Jika di sekitar penangkal petir ada awan mendung yang bermuatan, misalnya bermuatan negatif, batang logam penangkal petir mengalami induksi sehingga menjadi bermuatan positif.
Jika akhirnya petir menyambar batang logam itu, muatan-muatan negatif awan berpindah ke batang logam. Selanjutnya, muatan itu akan diteruskan ke bumi melalui kabel logam.
Bersamaan dengan itu, muatan-muatan positif pada batang logam akan terlepas dan bergerak menuju awan.
5. Prinsip kerja penangkal petir adalah mengumpulkan muatan sebanyak mungkin di ujung penagkal petir sehingga tercipta medan listrik. Medan listrik ini selanjutnya akan mempolarisasi udara sekitarnya sehingga udara menjadi bermuatan listrik. Udara yang bermuatan listrik ini selanjutnya akan menetralkan muatan listrik yang ada di awan sehingga mencegah terjadinya petir.

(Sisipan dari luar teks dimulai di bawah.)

lemma Euler_Lagrange: "t \<in> {0<..<b} \<Longrightarrow> (Fp has_real_derivative Fy t) (at t)"
proof -
  assume t: "t \<in> {0<..<b}"
  define c d where "c = t / 2" and "d = (t + b) / 2"
  have cd: "0 < c" "c < t" "t < d" "d < b" using t by (auto simp: c_def d_def)
  have cd_sub: "{c..d} \<subseteq> {0<..b}" using cd by auto
  have Fy: "continuous_on {c..d} Fy" by (rule continuous_on_subset[OF continuous_on_Fy cd_sub])
  obtain k where k: "\<And>u. u \<in> {c<..<d} \<Longrightarrow> Fp u = integral {c..u} Fy + k"
  proof (rule du_Bois_Reymond[OF _ Fy continuous_on_subset[OF continuous_on_Fp cd_sub]])
    show "integral {c..d} (\<lambda>t. Fy t * \<phi> t + Fp t * \<phi>' t) = 0"
      if "\<And>t. (\<phi> has_real_derivative \<phi>' t) (at t)" "continuous_on UNIV \<phi>'"
        "\<And>t. t \<notin> {c<..<d} \<Longrightarrow> \<phi> t = 0 \<and> \<phi>' t = 0" for \<phi> \<phi>'
      using first_variation[OF _ _ _ that] cd by simp
  qed (use cd in auto)
  have "((\<lambda>u. integral {c..u} Fy) has_real_derivative Fy t) (at t within {c..d})"
    by (rule integral_has_real_derivative[OF Fy]) (use cd in auto)
  then have "((\<lambda>u. integral {c..u} Fy + k) has_real_derivative Fy t) (at t)"
    using at_within_Icc_at[of c t d] cd by (auto intro!: derivative_eq_intros)
  then show ?thesis
    by (rule has_field_derivative_transform_within_open[of _ _ _ "{c<..<d}"]) (use cd k in auto)
qed
lemma emeasure_outage_event:
  fixes L Ly K :: real and m :: nat
  assumes L: "0 < L" and Ly: "0 < Ly" and m: "m \<in> {1, 2}"
  defines "Ux \<equiv> uniform_measure lborel {-L..L}" and "Uy \<equiv> uniform_measure lborel {-Ly..Ly}"
  shows "emeasure (Ux \<Otimes>\<^sub>M (Uy \<Otimes>\<^sub>M (Ux \<Otimes>\<^sub>M Uy)))
           {\<omega>. K \<le> ((xpos 1 \<omega> - xpos 2 \<omega>) / 2)\<^sup>2 + (ypos m \<omega>)\<^sup>2}
         = (\<integral>\<^sup>+y. half_gap_tail L (K - y\<^sup>2) \<partial>Uy)"
proof -
  interpret Ux: prob_space Ux
    unfolding Ux_def using L by (intro prob_space_uniform_measure) auto
  interpret Uy: prob_space Uy
    unfolding Uy_def using Ly by (intro prob_space_uniform_measure) auto
  interpret pair_sigma_finite Ux Uy ..
  have [measurable_cong]: "sets Ux = sets lborel" "sets Uy = sets lborel"
    by (simp_all add: Ux_def Uy_def)
  then have [measurable]: "ypos m \<in> borel_measurable (Ux \<Otimes>\<^sub>M (Uy \<Otimes>\<^sub>M (Ux \<Otimes>\<^sub>M Uy)))"
    by (intro measurable_ypos m)
  define E where "E = {\<omega>. K \<le> ((xpos 1 \<omega> - xpos 2 \<omega>) / 2)\<^sup>2 + (ypos m \<omega>)\<^sup>2}"
  define \<phi> where "\<phi> a y c = (of_bool (K - y\<^sup>2 \<le> ((a - c) / 2)\<^sup>2) :: ennreal)" for a y c :: real
  have indicator_E: "indicator E = (\<lambda>\<omega>. \<phi> (fst \<omega>) (ypos m \<omega>) (fst (snd (snd \<omega>))))"
    by (auto simp: E_def \<phi>_def xpos_def split: prod.splits split_indicator)
  have E_meas: "(indicator E :: _ \<Rightarrow> ennreal) \<in> borel_measurable (Ux \<Otimes>\<^sub>M (Uy \<Otimes>\<^sub>M (Ux \<Otimes>\<^sub>M Uy)))"
    unfolding indicator_E \<phi>_def by measurable
  have "emeasure (Ux \<Otimes>\<^sub>M (Uy \<Otimes>\<^sub>M (Ux \<Otimes>\<^sub>M Uy))) E = (\<integral>\<^sup>+\<omega>. indicator E \<omega> \<partial>(Ux \<Otimes>\<^sub>M (Uy \<Otimes>\<^sub>M (Ux \<Otimes>\<^sub>M Uy))))"
    using E_meas by (simp add: borel_measurable_indicator_iff space_pair_measure Ux_def Uy_def)
  also have "\<dots> = (\<integral>\<^sup>+a. \<integral>\<^sup>+b. \<integral>\<^sup>+c. \<integral>\<^sup>+e. \<phi> a (ypos m (a, b, c, e)) c \<partial>Uy \<partial>Ux \<partial>Uy \<partial>Ux)"
    unfolding nn_integral_nested_pair_measure[OF Uy.sigma_finite_measure_axioms
        Ux.sigma_finite_measure_axioms Uy.sigma_finite_measure_axioms E_meas]
    by (simp add: indicator_E)
  also have "\<dots> = (\<integral>\<^sup>+a. \<integral>\<^sup>+y. \<integral>\<^sup>+c. \<phi> a y c \<partial>Ux \<partial>Uy \<partial>Ux)"
    by (rule nn_integral_select_ypos[OF Ux.prob_space_axioms Uy.prob_space_axioms m])
       (unfold \<phi>_def, measurable)
  also have "\<dots> = (\<integral>\<^sup>+y. \<integral>\<^sup>+a. \<integral>\<^sup>+c. \<phi> a y c \<partial>Ux \<partial>Ux \<partial>Uy)"
    by (rule Fubini'[symmetric]) (unfold \<phi>_def, measurable)
  also have "\<dots> = (\<integral>\<^sup>+y. half_gap_tail L (K - y\<^sup>2) \<partial>Uy)"
    unfolding \<phi>_def Ux_def by (simp only: nn_integral_uniform_half_gap_tail[OF L])
  finally show ?thesis unfolding E_def .
qed

lemma outage_prob_eq_nn_integral:
  fixes DL DW d eta sigma2 R Pbar :: real and m :: nat
  defines "eps \<equiv> sigma2 / eta * (exp (2 * R) - 1)"
  assumes DL: "0 < DL" and DW: "0 < DW" and eps: "0 < eps" and m: "m \<in> {1, 2}"
  shows "outage_prob DL DW d eta sigma2 R Pbar m
           = enn2real (\<integral>\<^sup>+y. half_gap_tail (DL / 2) (Pbar / eps - d\<^sup>2 - y\<^sup>2) \<partial>uniform_measure lborel {-(DW / 2)..DW / 2})"
proof -
  let ?P = "user_space DL DW"
  have P: "?P = uniform_measure lborel {-(DL / 2)..DL / 2} \<Otimes>\<^sub>M (uniform_measure lborel {-(DW / 2)..DW / 2}
      \<Otimes>\<^sub>M (uniform_measure lborel {-(DL / 2)..DL / 2} \<Otimes>\<^sub>M uniform_measure lborel {-(DW / 2)..DW / 2}))"
    by (simp add: user_space_def Let_def)
  have "Pbar \<le> eps * ((xpos 1 \<omega> + xpos 2 \<omega>) / 2 - xpos m \<omega>)\<^sup>2 + eps * ((ypos m \<omega>)\<^sup>2 + d\<^sup>2)
      \<longleftrightarrow> Pbar / eps - d\<^sup>2 \<le> ((xpos 1 \<omega> - xpos 2 \<omega>) / 2)\<^sup>2 + (ypos m \<omega>)\<^sup>2" for \<omega>
    unfolding antenna_offset_sq[OF m] using eps by (simp add: divide_le_eq algebra_simps)
  then have "outage_prob DL DW d eta sigma2 R Pbar m
      = enn2real (emeasure ?P {\<omega>. Pbar / eps - d\<^sup>2 \<le> ((xpos 1 \<omega> - xpos 2 \<omega>) / 2)\<^sup>2 + (ypos m \<omega>)\<^sup>2})"
    unfolding outage_prob_def Let_def eps_def[symmetric] by (simp add: P space_pair_measure measure_def)
  also have "emeasure ?P {\<omega>. Pbar / eps - d\<^sup>2 \<le> ((xpos 1 \<omega> - xpos 2 \<omega>) / 2)\<^sup>2 + (ypos m \<omega>)\<^sup>2}
      = (\<integral>\<^sup>+y. half_gap_tail (DL / 2) (Pbar / eps - d\<^sup>2 - y\<^sup>2) \<partial>uniform_measure lborel {-(DW / 2)..DW / 2})"
    unfolding P by (rule emeasure_outage_event) (use DL DW m in auto)
  finally show ?thesis .
qed

lemma gfun_eq_g_primitive:
  assumes "0 < DL"
  shows "gfun DL (4 / DL\<^sup>2 * K) t2 t3 K y = (if t3 \<le> t2 then g_primitive (DL / 2) K y else 0)"
  using assms by (simp add: gfun_def g_primitive_def field_simps power2_eq_square)

theorem lemma2:
  fixes DL DW d eta sigma2 R Pbar :: real and m :: nat
  assumes "DL > 0" "DW > 0" "d > 0" "eta > 0" "sigma2 > 0" "R > 0" "Pbar > 0"
    and "m \<in> {1, 2}"
  shows "let eps = sigma2 / eta * (exp (2 * R) - 1);
             th1 = 4 / DL\<^sup>2 * (Pbar / eps - d\<^sup>2);
             th2 = min (DW / 2) (sqrt (DL\<^sup>2 / 4 * th1));
             th3 = sqrt (max 0 (DL\<^sup>2 / 4 * (th1 - 1)));
             th4 = DL\<^sup>2 / 4 * th1;
             g = gfun DL th1 th2 th3 th4
         in outage_prob DL DW d eta sigma2 R Pbar m =
              (if Pbar / eps > d\<^sup>2 then
                 2 / DW * (DW / 2 - min (DW / 2) (sqrt (th1 * DL\<^sup>2 / 4)))
                 + 2 / DW * (g th2 - g th3)
               else 1)"
proof -
  define eps where "eps = sigma2 / eta * (exp (2 * R) - 1)"
  define K where "K = Pbar / eps - d\<^sup>2"
  define L where "L = DL / 2"
  define Ly where "Ly = DW / 2"
  have L: "0 < L" and Ly: "0 < Ly"
    using assms by (simp_all add: L_def Ly_def)
  have params: "4 / DL\<^sup>2 * K * DL\<^sup>2 / 4 = K" "DL\<^sup>2 / 4 * (4 / DL\<^sup>2 * K) = K"
    "DL\<^sup>2 / 4 * (4 / DL\<^sup>2 * K - 1) = K - L\<^sup>2" "DW / 2 = Ly" "2 / DW = 1 / Ly"
    using assms by (simp_all add: L_def Ly_def field_simps power2_eq_square)
  have K_pos: "0 < K \<longleftrightarrow> d\<^sup>2 < Pbar / eps"
    by (simp add: K_def)
  have "outage_prob DL DW d eta sigma2 R Pbar m
      = enn2real (\<integral>\<^sup>+y. half_gap_tail L (K - y\<^sup>2) \<partial>uniform_measure lborel {-Ly..Ly})"
    unfolding K_def L_def Ly_def eps_def
    by (rule outage_prob_eq_nn_integral) (use assms in auto)
  also have "\<dots> = (if 0 < K then (Ly - min Ly (sqrt K) + (if sqrt (max 0 (K - L\<^sup>2)) \<le> min Ly (sqrt K)
      then g_primitive L K (min Ly (sqrt K)) - g_primitive L K (sqrt (max 0 (K - L\<^sup>2))) else 0)) / Ly else 1)"
    by (rule enn2real_nn_integral_uniform_half_gap_tail[OF L Ly])
  finally show ?thesis
    unfolding Let_def eps_def[symmetric] K_def[symmetric] params gfun_eq_g_primitive[OF assms(1)]
    unfolding L_def[symmetric]
    by (simp add: K_pos add_divide_distrib diff_divide_distrib)
qed

end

6. Alat penangkal petir antara lain:
Penangkal Petir Konvensional ( Sistem Faraday)
Penangkal Petir Radioaktif
Penangkal Petir Sistem Elektrostatik dan Membran.
7. Alasan ujung penangkal petir dibuat runcing adalah agar muatan yang terkumpul pada ujung penangkal petir sebanyak mungkin sehingga menghasilkan medan magnet yang sangat kuat.